(* Let $m,n$ be positive integers. The set $\{B_{i,j}: i\in[m], j\in[n-1]\}\cup\{C_n\}$ is a basis for the set $\Gamma_{m,n}$ of $m\times n$ stochastic matrices, i.e., it consists of $m(n-1)+1$ linearly independent stochastic matrices whose linear span contains $\Gamma_{m,n}$.
   Context: A real $m\times n$ matrix is stochastic if its entries are nonnegative and each row sums to $1$; $\Gamma_{m,n}$ is the set of such matrices (an affine set of dimension $m(n-1)$). For $i\in[m]$, $j\in[n-1]$, $B_{i,j}$ is the $m\times n$ $(0,1)$-matrix whose $(i,j)$ entry is $1$, whose $(j+1)$-th column has all entries $1$ except the $(i,j+1)$ entry which is $0$, and all of whose other entries are $0$. $C_n$ is the $m\times n$ $(0,1)$-matrix whose $n$-th column is all $1$'s and other entries $0$. *)

theory Defs
  imports "HOL-Analysis.Analysis" "HOL-Library.Function_Algebras"
begin

text \<open>An m x n real matrix is modelled as a function nat => nat => real whose entries
  are indexed 1-based by row r in {1..m} and column s in {1..n}, and which vanishes
  outside that index range. Addition is pointwise (Function_Algebras).\<close>

definition mscale :: "real \<Rightarrow> (nat \<Rightarrow> nat \<Rightarrow> real) \<Rightarrow> (nat \<Rightarrow> nat \<Rightarrow> real)" where
  "mscale c A = (\<lambda>r s. c * A r s)"

definition is_mat :: "nat \<Rightarrow> nat \<Rightarrow> (nat \<Rightarrow> nat \<Rightarrow> real) \<Rightarrow> bool" where
  "is_mat m n A \<longleftrightarrow> (\<forall>r s. r \<notin> {1..m} \<or> s \<notin> {1..n} \<longrightarrow> A r s = 0)"

definition Gamma :: "nat \<Rightarrow> nat \<Rightarrow> (nat \<Rightarrow> nat \<Rightarrow> real) set" where
  "Gamma m n = {A. is_mat m n A \<and> (\<forall>r\<in>{1..m}. \<forall>s\<in>{1..n}. A r s \<ge> 0)
                 \<and> (\<forall>r\<in>{1..m}. (\<Sum>s=1..n. A r s) = 1)}"

definition Bmat :: "nat \<Rightarrow> nat \<Rightarrow> nat \<Rightarrow> nat \<Rightarrow> (nat \<Rightarrow> nat \<Rightarrow> real)" where
  "Bmat m n i j = (\<lambda>r s. if r \<in> {1..m} \<and> s \<in> {1..n} then
       (if r = i \<and> s = j then 1 else if s = j + 1 \<and> r \<noteq> i then 1 else 0) else 0)"

definition Cmat :: "nat \<Rightarrow> nat \<Rightarrow> (nat \<Rightarrow> nat \<Rightarrow> real)" where
  "Cmat m n = (\<lambda>r s. if r \<in> {1..m} \<and> s = n then 1 else 0)"

end

theory Submission
  imports Defs
begin

text \<open>For a combination M = \<Sum> a(i,j) B(i,j) + c C of the candidate basis, entry (r,s) of
  M is a(r,s) (present if s < n) plus the sum of a(i,s-1) over the rows i \<noteq> r (present if s > 1),
  plus c in the last column. So the coefficients are determined column by column, each column
  from the previous one. If M = 0, induction on the column gives a = 0, and then c = 0 from
  entry (1,n). Conversely, for a stochastic A the same recursion reproduces columns 1, ..., n-1
  of A; since every B(i,j) and C has unit row sums, c = 1 - \<Sum> a(i,j) gives M unit row sums,
  which forces the last column of M to agree with that of A as well.\<close>

lemma sum_fun_apply: "sum f A x = (\<Sum>a\<in>A. f a x)"
  by (induction A rule: infinite_finite_induct) auto

interpretation mat: module mscale
  by unfold_locales (auto simp: mscale_def fun_eq_iff algebra_simps)

context module
begin

lemma independent_insert_image:
  assumes "finite P" "inj_on f P" "c \<notin> f ` P"
    and only_trivial: "\<And>a d. (\<Sum>p\<in>P. scale (a p) (f p)) + scale d c = 0
      \<Longrightarrow> (\<forall>p\<in>P. a p = 0) \<and> d = 0"
  shows "independent (insert c (f ` P))"
proof -
  have "u v = 0"
    if sum0: "(\<Sum>v\<in>insert c (f ` P). scale (u v) v) = 0" and v: "v \<in> insert c (f ` P)" for u v
  proof -
    have "(\<Sum>p\<in>P. scale (u (f p)) (f p)) + scale (u c) c = 0"
      using sum0 assms(1-3) by (simp add: sum.reindex add.commute)
    then show ?thesis
      using only_trivial[of "\<lambda>p. u (f p)" "u c"] v by blast
  qed
  then show ?thesis
    using assms(1) by (auto simp: dependent_finite)
qed

end

definition Bcomb :: "nat \<Rightarrow> nat \<Rightarrow> (nat \<times> nat \<Rightarrow> real) \<Rightarrow> nat \<Rightarrow> nat \<Rightarrow> real" where
  "Bcomb m n a = (\<Sum>p\<in>{1..m} \<times> {1..n-1}. mscale (a p) (case_prod (Bmat m n) p))"

lemma Bmat_entry:
  "r \<in> {1..m} \<Longrightarrow> s \<in> {1..n} \<Longrightarrow> Bmat m n i j r s =
     (if (i, j) = (r, s) then 1 else 0) + (if j + 1 = s \<and> i \<noteq> r then 1 else 0)"
  by (auto simp: Bmat_def)

lemma Bcomb_entry:
  assumes r: "r \<in> {1..m}" and s: "s \<in> {1..n}"
  shows "Bcomb m n a r s
    = (if s < n then a (r, s) else 0) + (if 1 < s then \<Sum>i\<in>{1..m}-{r}. a (i, s - 1) else 0)"
proof -
  let ?P = "{1..m} \<times> {1..n-1}"
  have "Bcomb m n a r s = (\<Sum>p\<in>?P. if p = (r, s) then a p else 0)
      + (\<Sum>p\<in>?P. if snd p = s - 1 \<and> 1 < s \<and> fst p \<noteq> r then a p else 0)"
    unfolding Bcomb_def sum_fun_apply sum.distrib[symmetric]
    by (intro sum.cong refl) (auto simp: mscale_def Bmat_entry[OF r s] split: if_splits)
  also have "(\<Sum>p\<in>?P. if p = (r, s) then a p else 0) = (if s < n then a (r, s) else 0)"
    using r s by (auto simp: sum.delta')
  also have "(\<Sum>p\<in>?P. if snd p = s - 1 \<and> 1 < s \<and> fst p \<noteq> r then a p else 0)
      = (if 1 < s then \<Sum>i\<in>{1..m}-{r}. a (i, s - 1) else 0)"
  proof -
    have "{p\<in>?P. snd p = s - 1 \<and> 1 < s \<and> fst p \<noteq> r}
        = (if 1 < s then (\<lambda>i. (i, s - 1)) ` ({1..m}-{r}) else {})"
      using s by auto
    then show ?thesis
      by (simp add: sum.inter_filter[symmetric] sum.reindex inj_on_def)
  qed
  finally show ?thesis .
qed

lemma Bcomb_outside: "r \<notin> {1..m} \<or> s \<notin> {1..n} \<Longrightarrow> Bcomb m n a r s = 0"
  by (auto simp: Bcomb_def sum_fun_apply mscale_def Bmat_def case_prod_beta intro!: sum.neutral)

lemma Bmat_row_sum:
  assumes "i \<in> {1..m}" "j \<in> {1..n-1}" "r \<in> {1..m}"
  shows "(\<Sum>s=1..n. Bmat m n i j r s) = 1"
proof -
  have "(\<Sum>s=1..n. Bmat m n i j r s)
      = (\<Sum>s=1..n. if s = j then (if i = r then 1 else 0) else 0)
        + (\<Sum>s=1..n. if s = j + 1 then (if i \<noteq> r then 1 else 0) else 0)"
    unfolding sum.distrib[symmetric] using assms(3) by (intro sum.cong refl) (auto simp: Bmat_entry)
  also have "\<dots> = 1"
    using assms by (auto simp: sum.delta')
  finally show ?thesis .
qed

lemma Bmat_in_Gamma: "i \<in> {1..m} \<Longrightarrow> j \<in> {1..n-1} \<Longrightarrow> Bmat m n i j \<in> Gamma m n"
  using Bmat_row_sum by (auto simp: Gamma_def is_mat_def Bmat_def)

lemma Cmat_in_Gamma: "0 < n \<Longrightarrow> Cmat m n \<in> Gamma m n"
  by (auto simp: Gamma_def is_mat_def Cmat_def sum.delta')

lemma inj_on_Bmat: "inj_on (case_prod (Bmat m n)) ({1..m} \<times> {1..n-1})"
proof (rule inj_onI, clarify)
  fix i j i' j'
  assume ij: "i \<in> {1..m}" "j \<in> {1..n-1}" "i' \<in> {1..m}" "j' \<in> {1..n-1}"
    and eq: "Bmat m n i j = Bmat m n i' j'"
  have "Bmat m n i j i j = 1" "Bmat m n i' j' i' j' = 1"
    using ij by (auto simp: Bmat_def)
  then have "Bmat m n i' j' i j = 1" "Bmat m n i j i' j' = 1"
    by (simp_all add: eq)
  then show "i = i' \<and> j = j'"
    using ij by (auto simp: Bmat_def split: if_splits)
qed

lemma Cmat_notin_Bmats: "Cmat m n \<notin> case_prod (Bmat m n) ` ({1..m} \<times> {1..n-1})"
proof
  assume "Cmat m n \<in> case_prod (Bmat m n) ` ({1..m} \<times> {1..n-1})"
  then obtain i j where ij: "i \<in> {1..m}" "j \<in> {1..n-1}" and eq: "Cmat m n = Bmat m n i j"
    by auto
  have "Bmat m n i j i j = 1" "Cmat m n i j = 0"
    using ij by (auto simp: Bmat_def Cmat_def)
  then have "Cmat m n i j = 1" "Cmat m n i j = 0"
    by (simp_all add: eq)
  then show False
    by simp
qed

lemma Bcomb_plus_Cmat_eq_0D:
  assumes "0 < m" "0 < n" and comb0: "Bcomb m n a + mscale d (Cmat m n) = 0"
  shows "(\<forall>p\<in>{1..m} \<times> {1..n-1}. a p = 0) \<and> d = 0"
proof -
  have entry0: "Bcomb m n a r s + d * Cmat m n r s = 0" for r s
    using fun_cong[OF fun_cong[OF comb0, of r], of s] by (simp add: mscale_def)
  have column0: "\<forall>r\<in>{1..m}. a (r, s) = 0" if "0 < s" "s < n" for s
    using that
  proof (induction s)
    case (Suc k)
    have "Bcomb m n a r (Suc k) = 0" if "r \<in> {1..m}" for r
      using entry0[of r "Suc k"] Suc.prems by (simp add: Cmat_def)
    moreover have "(if 1 < Suc k then \<Sum>i\<in>{1..m}-{r}. a (i, Suc k - 1) else 0) = 0" for r
      using Suc by auto
    ultimately show ?case
      using Suc.prems Bcomb_entry[of _ m "Suc k" n a] by auto
  qed simp
  have "(if 1 < n then \<Sum>i\<in>{1..m}-{1}. a (i, n - 1) else 0) = 0"
    using column0[of "n - 1"] by auto
  then have "d = 0"
    using entry0[of 1 n] Bcomb_entry[of 1 m n n a] assms(1,2) by (simp add: Cmat_def)
  moreover have "\<forall>p\<in>{1..m} \<times> {1..n-1}. a p = 0"
    using column0 by fastforce
  ultimately show ?thesis
    by simp
qed

text \<open>The coefficient a(i,j) of B(i,j) in A: by Bcomb_entry, A i (j+1) is a(i,j+1) plus the sum of
  a(r,j) over the rows r \<noteq> i (for 0 < j and j + 1 < n); solve for a(i,j+1).\<close>
fun Bcoeff :: "(nat \<Rightarrow> nat \<Rightarrow> real) \<Rightarrow> nat \<Rightarrow> nat \<Rightarrow> nat \<Rightarrow> real" where
  "Bcoeff A m i 0 = 0"
| "Bcoeff A m i (Suc j) = A i (Suc j) - (\<Sum>r\<in>{1..m}-{i}. Bcoeff A m r j)"

lemma Bcomb_Bcoeff_entry:
  assumes "r \<in> {1..m}" "s \<in> {1..n-1}"
  shows "Bcomb m n (case_prod (Bcoeff A m)) r s = A r s"
proof -
  obtain k where k: "s = Suc k"
    using assms(2) by (cases s) auto
  then show ?thesis
    using assms Bcomb_entry[of r m s n] by (cases k) auto
qed

lemma Bcomb_row_sum:
  assumes "r \<in> {1..m}"
  shows "(\<Sum>s=1..n. Bcomb m n a r s) = sum a ({1..m} \<times> {1..n-1})"
proof -
  have "(\<Sum>s=1..n. Bcomb m n a r s)
      = (\<Sum>p\<in>{1..m} \<times> {1..n-1}. a p * (\<Sum>s=1..n. case_prod (Bmat m n) p r s))"
    by (simp add: Bcomb_def sum_fun_apply mscale_def sum_distrib_left) (rule sum.swap)
  also have "\<dots> = sum a ({1..m} \<times> {1..n-1})"
    using assms Bmat_row_sum by (intro sum.cong) auto
  finally show ?thesis .
qed

lemma is_mat_eqI_row_sums:
  assumes "is_mat m n A" "is_mat m n A'" "0 < n"
    and rows: "\<And>r. r \<in> {1..m} \<Longrightarrow> (\<Sum>s=1..n. A r s) = (\<Sum>s=1..n. A' r s)"
    and columns: "\<And>r s. r \<in> {1..m} \<Longrightarrow> s \<in> {1..n-1} \<Longrightarrow> A r s = A' r s"
  shows "A = A'"
proof (intro ext)
  fix r s
  consider (outside) "r \<notin> {1..m} \<or> s \<notin> {1..n}" | (first) "r \<in> {1..m}" "s \<in> {1..n-1}"
    | (last) "r \<in> {1..m}" "s = n"
    by fastforce
  then show "A r s = A' r s"
  proof cases
    case outside
    then show ?thesis
      using assms(1,2) by (simp add: is_mat_def)
  next
    case first
    then show ?thesis
      by (rule columns)
  next
    case last
    have split_last: "(\<Sum>s=1..n. B r s) = B r n + (\<Sum>s=1..n-1. B r s)" for B :: "nat \<Rightarrow> nat \<Rightarrow> real"
      using \<open>0 < n\<close> by (cases n) (auto simp: sum.nat_ivl_Suc')
    have "(\<Sum>s=1..n-1. A r s) = (\<Sum>s=1..n-1. A' r s)"
      using columns last(1) by (intro sum.cong) auto
    then show ?thesis
      using rows[OF last(1)] split_last[of A] split_last[of A'] last(2) by simp
  qed
qed

lemma Gamma_eq_Bcomb_plus_Cmat:
  assumes A: "A \<in> Gamma m n" and "0 < n"
  defines "a \<equiv> case_prod (Bcoeff A m)"
  shows "A = Bcomb m n a + mscale (1 - sum a ({1..m} \<times> {1..n-1})) (Cmat m n)"
proof (rule is_mat_eqI_row_sums[where m = m and n = n])
  show "is_mat m n A"
    using A by (simp add: Gamma_def)
  show "is_mat m n (Bcomb m n a + mscale (1 - sum a ({1..m} \<times> {1..n-1})) (Cmat m n))"
    using \<open>0 < n\<close> Bcomb_outside by (auto simp: is_mat_def mscale_def Cmat_def)
  show "(\<Sum>s=1..n. A r s)
      = (\<Sum>s=1..n. (Bcomb m n a + mscale (1 - sum a ({1..m} \<times> {1..n-1})) (Cmat m n)) r s)"
    if "r \<in> {1..m}" for r
    using A Cmat_in_Gamma[OF \<open>0 < n\<close>, of m] Bcomb_row_sum[OF that, of n a] that
    by (simp add: Gamma_def sum.distrib mscale_def flip: sum_distrib_left)
  show "A r s = (Bcomb m n a + mscale (1 - sum a ({1..m} \<times> {1..n-1})) (Cmat m n)) r s"
    if "r \<in> {1..m}" "s \<in> {1..n-1}" for r s
    using that Bcomb_Bcoeff_entry[of r m s n A] by (auto simp: a_def mscale_def Cmat_def)
qed fact

theorem mainTheorem8:
  fixes m n :: nat
  assumes "m > 0" and "n > 0"
  defines "S \<equiv> {Bmat m n i j | i j. i \<in> {1..m} \<and> j \<in> {1..n-1}} \<union> {Cmat m n}"
  shows "S \<subseteq> Gamma m n \<and> card S = m * (n - 1) + 1
         \<and> \<not> module.dependent mscale S \<and> Gamma m n \<subseteq> module.span mscale S"
proof -
  let ?P = "{1..m} \<times> {1..n-1}"
  have S: "S = insert (Cmat m n) (case_prod (Bmat m n) ` ?P)"
    unfolding S_def by fastforce
  have "S \<subseteq> Gamma m n"
    using Bmat_in_Gamma Cmat_in_Gamma \<open>n > 0\<close> unfolding S by auto
  moreover have "card S = m * (n - 1) + 1"
    using inj_on_Bmat Cmat_notin_Bmats by (simp add: S card_image)
  moreover have "\<not> module.dependent mscale S"
    unfolding S using inj_on_Bmat Cmat_notin_Bmats Bcomb_plus_Cmat_eq_0D[OF assms(1,2)]
    by (intro mat.independent_insert_image) (auto simp: Bcomb_def)
  moreover have "Gamma m n \<subseteq> module.span mscale S"
  proof
    fix A
    assume "A \<in> Gamma m n"
    have "Bcomb m n a \<in> module.span mscale S" for a
      unfolding Bcomb_def S by (intro mat.span_sum mat.span_scale mat.span_base) auto
    moreover have "mscale c (Cmat m n) \<in> module.span mscale S" for c
      unfolding S by (intro mat.span_scale mat.span_base) simp
    ultimately show "A \<in> module.span mscale S"
      using Gamma_eq_Bcomb_plus_Cmat[OF \<open>A \<in> Gamma m n\<close> \<open>n > 0\<close>] by (metis mat.span_add)
  qed
  ultimately show ?thesis
    by blast
qed

end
-.-.-
**What the task asks**
Copy every line of the listing where the word "blast" appears.

**Answer below**
      using only_trivial[of "\<lambda>p. u (f p)" "u c"] v by blast
    by blast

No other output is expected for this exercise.